## [WHAT THE TASK REQUIRES]
The output should consist solely of the lines running from the one that contains "nonempty k a phi (?g" through the end of the records below, copied exactly.
**** DATA FOR THE TASK
lemma take_next_elem_heavy:
  assumes "2 \<le> k" "heavy_settled k a phi" "heavy k a phi b" "\<not> full k a phi b"
  shows "take (length b) (next_elem k a phi) = b"
proof -
  let ?x = "next_elem k a phi"
  have "take i ?x = take i b" if "i \<le> length b" for i
    using that
  proof (induction i)
    case (Suc i)
    let ?g = "take i b" and ?j = "b ! i"
    have b_Suc: "take (Suc i) b = ?g @ [?j]" and length_g: "length ?g = i"
      using Suc.prems by (simp_all add: take_Suc_conv_app_nth)
    have "heavy k a phi (?g @ [?j])" "\<not> full k a phi (?g @ [?j])"
      using heavy_take[OF assms(3)] full_take assms(4) b_Suc by metis+
    then have "a 2 \<le> least_empty k a phi ?g" "least_nonfull k a phi ?g = ?j"
      using assms(2) unfolding heavy_settled_def
      by (auto intro: le_least_empty least_nonfull_eq)
    moreover have i_less: "i < k - 2"
      using length_less_if_heavy[OF assms(3)] Suc.prems by linarith
    ultimately have "next_choice k a phi (k - 2 - i) ?g = ?j"
      unfolding next_choice_def by (simp only: zero_less_diff if_True simp_thms)
    then have "?x ! i = ?j"
      using nth_next_elem[OF assms(1), of i] Suc i_less by simp
    then show ?case
      using Suc i_less length_next_elem[OF assms(1)] b_Suc
      by (simp add: take_Suc_conv_app_nth)
  qed simp
  then show ?thesis by simp
qed

lemma nth_next_elem_eq_0:
  assumes "2 \<le> k" "0 < a 2" "\<not> nonempty k a phi (take n (next_elem k a phi))" "n \<le> i" "i < k - 1"
  shows "next_elem k a phi ! i = 0"
proof -
  let ?g = "take i (next_elem k a phi)"
  have "take n (?g @ [0]) = take n (next_elem k a phi)"
    using assms(1,4,5) by (simp add: length_next_elem)
  then have "\<not> nonempty k a phi (?g @ [0])"
    using nonempty_take assms(3) by metis
  then have "least_empty k a phi ?g = 0"
    using least_empty_le by fastforce
  then show ?thesis
    using nth_next_elem[OF assms(1,5)] assms(2) by (simp add: next_choice_def)
qed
********
## [PROBLEM SOLUTION]
  then have "\<not> nonempty k a phi (?g @ [0])"
    using nonempty_take assms(3) by metis
  then have "least_empty k a phi ?g = 0"
    using least_empty_le by fastforce
  then show ?thesis
    using nth_next_elem[OF assms(1,5)] assms(2) by (simp add: next_choice_def)
qed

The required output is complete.